There is one important complication when developing procedures modifying the database. Every call to `DB::malloc` may potentially have to enlarge the mapped area
which sometimes leads to changing `current_base`. That would not have been a problem if GCC was not sometimes caching variables in registers. Look at the following code:
```C++
p->r = foo();
```
Here `p` is a reference which is used to access another reference `r`. On the other hand, `foo()` is a procedure which directly or indirectly calls `DB::malloc`.
GCC compiles assignments by first computing the address to modify, and then it evaluates the right hand side. This means that while `foo()` is being evaluated the address computed on the left-hand side is saved in a register or somewhere in the stack. But now, if it happens that the allocation in `foo()` has changed
`current_base`, then the saved address is no longer valid.

That first problem is solved by overloading the assignment operator for `ref<A>`:
```C++
ref<A>& operator= (const ref<A>& r) {
    offset = r.offset;
    return *this;
}
```
On first sight, nothing special happens here and it looks like the overloading is redundant. However, now the assignments are compiled in a very different way.
The overloaded operator is inlined, so there is no real method call and we don't get any overhead. The real difference is that now, whatever is on the left-hand side of the assignment becomes the value of the `this` pointer, and `this` is always the last thing to be evaluated in a method call. This solves the problem.
`foo()` is evaluated first and if it changes `current_base`, the change will be taken into account when computing the left-hand side of the assignment.

Unfortunately, this is not the only problem. A similar thing happens when the arguments of a function are calls to other functions. See this:
```C++
foo(p->r,bar(),q->r)
```
Where now `bar()` is the function that performs allocation.
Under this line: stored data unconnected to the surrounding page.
(* Let $q\ge 67$ be a prime. For a prime $p\ne q$ let $f_p$ be the smallest integer $k\ge1$ with $p^k\equiv1\pmod q$, and put $$v(q)=\sum_{p\ne q,\ p\not\equiv1\ (\mathrm{mod}\ q)}\frac{\log p}{p^{f_p}-1},$$ the sum over primes $p$. Then $$v(q)\le\frac{2\log(9\log q)\,\log q}{3q}.$$ *)

theory Defs
  imports "HOL-Analysis.Analysis" "HOL-Number_Theory.Number_Theory"
begin

definition fp :: "nat \<Rightarrow> nat \<Rightarrow> nat" where
  "fp q p = ord q p"

definition vset :: "nat \<Rightarrow> nat set" where
  "vset q = {p. prime p \<and> p \<noteq> q \<and> \<not> [p = 1] (mod q)}"

definition vterm :: "nat \<Rightarrow> nat \<Rightarrow> real" where
  "vterm q p = ln (real p) / (real p ^ fp q p - 1)"

end

theory Submission
  imports Defs
begin

text \<open>Split the primes \<open>p\<close> of \<open>v(q)\<close> by size and by the order \<open>f = ord q p \<ge> 2\<close>.
  If \<open>f = 2\<close> then \<open>q\<close> divides \<open>p + 1\<close>, so \<open>p = k q - 1\<close> with \<open>k \<ge> 2\<close>, and these terms
  telescope to \<open>O(log q / q\<^sup>2)\<close>; so do the primes \<open>p > q\<close> of order at least 3.
  For \<open>p < q\<close>, \<open>q (p - 1)\<close> divides \<open>p\<^sup>f - 1\<close>. Hence the primes \<open>p \<le> P = \<lfloor>9 log q\<rfloor>\<close>
  contribute at most \<open>q\<^sup>-\<^sup>1 \<Sum> log p / (p - 1) \<le> ((log P)\<^sup>2 / 4 + 2) / q\<close>. Among the
  primes \<open>P < p < q\<close> at most \<open>f - 1\<close> have order \<open>f\<close> (they are roots of \<open>x\<^sup>f = 1\<close>
  modulo \<open>q\<close>), each contributing at most \<open>2 log q / (f q P)\<close>; summing over
  \<open>f \<le> N + 2\<close> with \<open>2\<^sup>N \<ge> q\<close> gives \<open>2 N log q / (q P)\<close>, and the primes of larger order
  contribute at most \<open>1 / (2 q)\<close>.\<close>

section \<open>Elementary estimates\<close>

lemma ln_diff_bounds:
  fixes x y :: real
  assumes "0 < y" "y \<le> x"
  shows "(x - y) / x \<le> ln x - ln y" and "ln x - ln y \<le> (x - y) / y"
proof -
  have "ln (y / x) \<le> y / x - 1" using assms by (intro ln_le_minus_one) auto
  then show "(x - y) / x \<le> ln x - ln y" using assms by (simp add: ln_div field_simps)
  have "ln (x / y) \<le> x / y - 1" using assms by (intro ln_le_minus_one) auto
  then show "ln x - ln y \<le> (x - y) / y" using assms by (simp add: ln_div field_simps)
qed

lemma ln_ge_of_two_power_le:
  fixes x :: real
  assumes "2 ^ k \<le> x"
  shows "2 / 3 * k \<le> ln x"
proof -
  have "2 / 3 * k \<le> k * ln 2" using mult_left_mono[OF ln2_ge_two_thirds, of "real k"] by simp
  also have "\<dots> = ln (2 ^ k)" by (simp add: ln_realpow)
  also have "\<dots> \<le> ln x"
    using assms less_le_trans[OF zero_less_power[of 2 k] assms] by (subst ln_le_cancel_iff) auto
  finally show ?thesis .
qed

lemma ln_3_le: "ln (3 :: real) \<le> 43 / 36"
proof -
  have "ln (3 :: real) = ln 2 + ln (3 / 2)" using ln_mult[of 2 "3 / 2"] by simp
  moreover have "ln (3 / 2 :: real) \<le> 1 / 2" using ln_le_minus_one[of "3 / 2"] by simp
  ultimately show ?thesis using ln2_le_25_over_36 by linarith
qed

lemma nine_ln_plus_one_le:
  fixes x :: real
  assumes "67 \<le> x"
  shows "9 * ln x + 1 \<le> x"
proof -
  have "ln x - ln 64 \<le> (x - 64) / 64" using ln_diff_bounds(2)[of 64 x] assms by simp
  then have "ln x \<le> ln 64 + x / 64 - 1" by (simp add: diff_divide_distrib)
  moreover have "ln (64 :: real) = 6 * ln 2" using ln_realpow[of 2 6] by simp
  ultimately show ?thesis using ln2_le_25_over_36 assms by linarith
qed

lemma ln_div_minus_one_antimono:
  fixes x y :: real
  assumes "exp 1 \<le> x" "x \<le> y"
  shows "ln y / (y - 1) \<le> ln x / (x - 1)"
proof -
  have x: "1 < x" "1 \<le> ln x"
    using assms(1) less_le_trans[of 1 "exp 1" x] by (auto simp: ln_ge_iff)
  have "ln y \<le> ln x + (y - x) / x" using ln_diff_bounds(2)[of x y] assms x by simp
  then have "ln y * (x - 1) \<le> (ln x + (y - x) / x) * (x - 1)" using x by (intro mult_right_mono) auto
  also have "\<dots> = ln x * (x - 1) + (y - x) * ((x - 1) / x)" using x by (simp add: field_simps)
  also have "\<dots> \<le> ln x * (x - 1) + (y - x) * ln x"
  proof -
    have "(x - 1) / x \<le> 1" using x by simp
    then have "(x - 1) / x \<le> ln x" using x by linarith
    then show ?thesis using assms by (intro add_left_mono mult_left_mono) auto
  qed
  finally show ?thesis using x assms by (simp add: divide_simps algebra_simps)
qed

lemma ln_div_mult_pred_le_diff:
  fixes x L :: real
  assumes x: "2 \<le> x" and "0 \<le> L"
  shows "(L + ln x) / (x * (x - 1)) \<le> (L + 3 + ln (x - 1)) / (x - 1) - (L + 3 + ln x) / x"
proof -
  have "x * (ln x - ln (x - 1)) \<le> x * (1 / (x - 1))"
    using ln_diff_bounds(2)[of "x - 1" x] x by (intro mult_left_mono) auto
  also have "\<dots> \<le> 3" using x by (simp add: field_simps)
  finally have "L + ln x \<le> L + 3 + ln x - x * (ln x - ln (x - 1))" by simp
  then have "(L + ln x) / (x * (x - 1)) \<le> (L + 3 + ln x - x * (ln x - ln (x - 1))) / (x * (x - 1))"
    using x by (intro divide_right_mono) auto
  also have "\<dots> = (L + 3 + ln (x - 1)) / (x - 1) - (L + 3 + ln x) / x"
    using x by (simp add: field_simps)
  finally show ?thesis .
qed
The compiler is free to keep in a register the value of `current_base` that it needs for the evaluation of
`p->r`, while it evaluates `bar()`. But if `current_base` has changed, then the saved value would be invalid while computing `q->r`. There doesn't seem to be
a work around for this. The only solution is to:

**Never call a function that allocates as an argument to another function**

Instead we call allocating functions on a separate line and we save the result in a temporary variable.


# Thread-local variables

A final remark is the compilation of thread-local variables. When a thread-local variable is compiled in a position-dependent code, i.e. in executables, it is
compiled efficiently by using the `fs` register which points to the thread-local segment. Unfortunately, that is not the case by default for shared
libraries like our runtime. In that case, GCC applies the global-dynamic model which means that access to a thread local variable is internally implemented
with a call to the function `__tls_get_addr`. Since `current_base` is used all the time, this adds overhead.

The solution is to define the variable with the attribute `__attribute__((tls_model("initial-exec")))` which says that it should be treated as if it is defined
in an executable. This removes the overhead, but adds the limitation that the runtime should not be loaded with `dlopen`.